*** Opening Data for analysis ***

lemma derived_set_subset_seq_prods_commutators_seq:
  assumes "finite (carrier G)"
  shows "derived_set G (carrier G) \<subseteq> seq_prods G commutators_seq"
proof
  fix h assume "h \<in> derived_set G (carrier G)"
  then obtain a b where ab: "a \<in> carrier G" "b \<in> carrier G" "h = a \<otimes> b \<otimes> inv a \<otimes> inv b"
    by blast
  define R where "R = (\<Sum>(a, b) \<in> carrier G \<times> carrier G - {(a, b)}. {#a, b, inv a, inv b#})"
  have split: "commutators_seq = R + {#a, b, inv a, inv b#}"
    unfolding commutators_seq_def R_def using assms ab(1,2)
    by (subst sum.remove[of _ "(a, b)"]) (simp_all add: add.commute)
  have "R \<in> prod_one_seqs G"
    unfolding R_def using assms
    by (intro sum_mem_prod_one_seqs) (auto intro: commutator_seq_mem_prod_one_seqs)
  moreover have "{#a, b, inv a, inv b#} \<in> seqs G"
    using ab(1,2) by simp
  moreover have "h \<in> seq_prods G {#a, b, inv a, inv b#}"
    using list_prod_mem_seq_prods[of "[a, b, inv a, inv b]"] ab by (simp add: m_assoc)
  ultimately show "h \<in> seq_prods G commutators_seq"
    unfolding split using seq_prods_subset_add_prod_one by blast
qed

lemma exists_seq_prods_eq_commutator_subgroup:
  assumes "finite (carrier G)"
  shows "\<exists>S \<in> seqs G. seq_prods G S = commutator_subgroup G"
proof -
  define A where "A k = seq_prods G (repeat_mset k commutators_seq)" for k
  have W: "commutators_seq \<in> prod_one_seqs G"
    using assms by (rule commutators_seq_mem_prod_one_seqs)
  then have powers: "repeat_mset k commutators_seq \<in> prod_one_seqs G" for k
    by (rule repeat_mset_mem_prod_one_seqs)
  then have A_subset: "A k \<subseteq> commutator_subgroup G" for k
    using seq_prods_subset_rcos[of _ \<one>] commutator_subgroup_is_subgroup
    by (simp add: A_def prod_one_seqs_def coset_mult_one subgroup.subset)
  moreover have "A k \<subseteq> A (Suc k)" for k
    using seq_prods_subset_add_prod_one[OF W] powers by (simp add: A_def prod_one_seqs_def)
  moreover have "finite (commutator_subgroup G)"
    using assms commutator_subgroup_is_subgroup finite_subset subgroup.subset by blast
  ultimately obtain m where m: "A (Suc m) = A m"
    using mono_chain_stabilizes by metis
  \<comment> \<open>The stable product set is closed under right multiplication by commutators.\<close>
  have "commutator_subgroup G \<subseteq> A m"
    unfolding derived_def
  proof (rule generate_subset_if_mult_closed)
    show "A m \<subseteq> carrier G" "\<one> \<in> A m"
      using A_subset[of m] commutator_subgroup_is_subgroup powers[of m]
      by (auto simp: A_def prod_one_seqs_def dest: subgroup.mem_carrier)
    show "derived_set G (carrier G) \<subseteq> carrier G"
      by (simp add: derived_set_in_carrier)
    show "inv h \<in> derived_set G (carrier G)" if "h \<in> derived_set G (carrier G)" for h
      using that by (rule inv_mem_derived_set)
    show "a \<otimes> h \<in> A m" if "a \<in> A m" "h \<in> derived_set G (carrier G)" for a h
    proof -
      have "a \<otimes> h \<in> seq_prods G (repeat_mset m commutators_seq + commutators_seq)"
        using that derived_set_subset_seq_prods_commutators_seq[OF assms] powers W
        by (intro mult_mem_seq_prods_add) (auto simp: A_def prod_one_seqs_def)
      then show ?thesis
        using m by (simp add: A_def add.commute)
    qed
  qed
  then have "seq_prods G (repeat_mset m commutators_seq) = commutator_subgroup G"
    using A_subset[of m] by (simp add: A_def)
  then show ?thesis
    using powers[of m] by (auto simp: prod_one_seqs_def)
qed

lemma exists_seq_prods_eq_rcos:
  assumes "finite (carrier G)" "g \<in> carrier G"
  shows "\<exists>S \<in> seqs G. seq_prods G S = commutator_subgroup G #> g"
proof -
  obtain S where S: "S \<in> seqs G" "seq_prods G S = commutator_subgroup G"
    using exists_seq_prods_eq_commutator_subgroup[OF assms(1)] by blast
  then have "seq_prods G S = commutator_subgroup G #> \<one>"
    using commutator_subgroup_is_subgroup by (simp add: coset_mult_one subgroup.subset)
  then have "seq_prods G (S + {#g#}) = commutator_subgroup G #> (\<one> \<otimes> g)"
    using S(1) assms(2) by (intro seq_prods_add_full_rcos) simp_all
  then show ?thesis
    using S(1) assms(2) by (intro bexI[of _ "S + {#g#}"]) simp_all
qed

context
  fixes sf :: "'a set \<Rightarrow> 'a multiset"
  assumes sf_section: "\<forall>c \<in> carrier (G Mod commutator_subgroup G). sf c \<in> seqs G \<and> seq_prods G (sf c) = c"
begin

lemma seq_class_eq_section:
  assumes "S \<in> seqs G" "seq_prods G S \<in> rcosets (commutator_subgroup G)"
  shows "seq_class G S = seq_class G (sf (seq_prods G S))"
  using sf_section assms by (simp add: seq_class_eq_iff seq_equiv_iff_full_rcos FactGroup_def)

lemma section_class_hom:
  "(\<lambda>c. seq_class G (sf c)) \<in> hom (G Mod commutator_subgroup G)
     \<lparr>carrier = (\<lambda>c. seq_class G (sf c)) ` carrier (G Mod commutator_subgroup G),
      monoid.mult = class_add G, one = U\<rparr>"
proof (rule homI, goal_cases)
  case (2 c c')
  with sf_section have c: "sf c \<in> seqs G" "seq_prods G (sf c) \<in> rcosets (commutator_subgroup G)"
    and c': "sf c' \<in> seqs G" "seq_prods G (sf c') \<in> rcosets (commutator_subgroup G)"
    and prods: "seq_prods G (sf c) = c" "seq_prods G (sf c') = c'"
    by (simp_all add: FactGroup_def)
  have "class_add G (seq_class G (sf c)) (seq_class G (sf c')) = seq_class G (sf c + sf c')"
    using c(1) c'(1) by (rule class_add_seq_class)
  also have "\<dots> = seq_class G (sf (seq_prods G (sf c + sf c')))"
    using c c' by (simp add: seq_class_eq_section seq_prods_add_mem_rcosets)
  also have "\<dots> = seq_class G (sf (c <#> c'))"
    using c c' prods by (simp add: seq_prods_add_rcosets)
  finally show ?case
    by (simp add: FactGroup_def)
qed simp

lemma section_class_inj:
  "inj_on (\<lambda>c. seq_class G (sf c)) (carrier (G Mod commutator_subgroup G))"
proof (rule inj_onI)
  fix c c' assume "c \<in> carrier (G Mod commutator_subgroup G)" "c' \<in> carrier (G Mod commutator_subgroup G)"
    and "seq_class G (sf c) = seq_class G (sf c')"
  with sf_section show "c = c'"
    by (simp add: seq_class_eq_iff seq_equiv_iff_full_rcos FactGroup_def)
qed

lemma seq_class_add_section_mem:
  assumes "c \<in> carrier (G Mod commutator_subgroup G)" "S \<in> seqs G"
  shows "seq_class G (S + sf c) \<in> (\<lambda>c. seq_class G (sf c)) ` carrier (G Mod commutator_subgroup G)"
proof -
  have "sf c \<in> seqs G" "seq_prods G (sf c) \<in> rcosets (commutator_subgroup G)"
    using sf_section assms(1) by (simp_all add: FactGroup_def)
  then have "seq_prods G (sf c + S) \<in> rcosets (commutator_subgroup G)"
    using assms(2) by (intro seq_prods_add_mem_rcosets)
  then have rcos: "seq_prods G (S + sf c) \<in> rcosets (commutator_subgroup G)"
    by (simp add: add.commute)
  then have "seq_class G (S + sf c) = seq_class G (sf (seq_prods G (S + sf c)))"
    using \<open>sf c \<in> seqs G\<close> assms(2) by (intro seq_class_eq_section) simp_all
  with rcos show ?thesis
    by (simp add: FactGroup_def)
qed

lemma class_semigroup_section_subgroup:
  defines "cl \<equiv> (\<lambda>c. seq_class G (sf c)) ` carrier (G Mod commutator_subgroup G)"
    and "H \<equiv> \<lparr>carrier = (\<lambda>c. seq_class G (sf c)) ` carrier (G Mod commutator_subgroup G),
      monoid.mult = class_add G, one = seq_class G (sf (commutator_subgroup G))\<rparr>"
  shows "cl \<subseteq> carrier (class_semigroup G)" "group H"
    "(\<lambda>c. seq_class G (sf c)) \<in> iso (G Mod commutator_subgroup G) H"
    "\<forall>c \<in> carrier (G Mod commutator_subgroup G). \<forall>S \<in> seqs G. seq_class G (S + sf c) \<in> cl"
proof -
  interpret Q: group "G Mod commutator_subgroup G"
    by (rule derived_quot_is_group)
  have hom: "(\<lambda>c. seq_class G (sf c)) \<in> hom (G Mod commutator_subgroup G) H"
    unfolding H_def by (rule section_class_hom)
  show "cl \<subseteq> carrier (class_semigroup G)"
    using sf_section unfolding cl_def by auto
  show "group H"
    using Q.hom_imp_img_group[OF hom] by (simp add: H_def)
  show "(\<lambda>c. seq_class G (sf c)) \<in> iso (G Mod commutator_subgroup G) H"
    using hom section_class_inj by (intro isoI) (simp_all add: bij_betw_def H_def)
  show "\<forall>c \<in> carrier (G Mod commutator_subgroup G). \<forall>S \<in> seqs G. seq_class G (S + sf c) \<in> cl"
    unfolding cl_def using seq_class_add_section_mem by blast
qed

*** Closing Data for analysis ***

In restating the data, begin at its first line, reproduce each line word for word, and conclude with the line that contains "fix h assume".

lemma derived_set_subset_seq_prods_commutators_seq:
  assumes "finite (carrier G)"
  shows "derived_set G (carrier G) \<subseteq> seq_prods G commutators_seq"
proof
  fix h assume "h \<in> derived_set G (carrier G)"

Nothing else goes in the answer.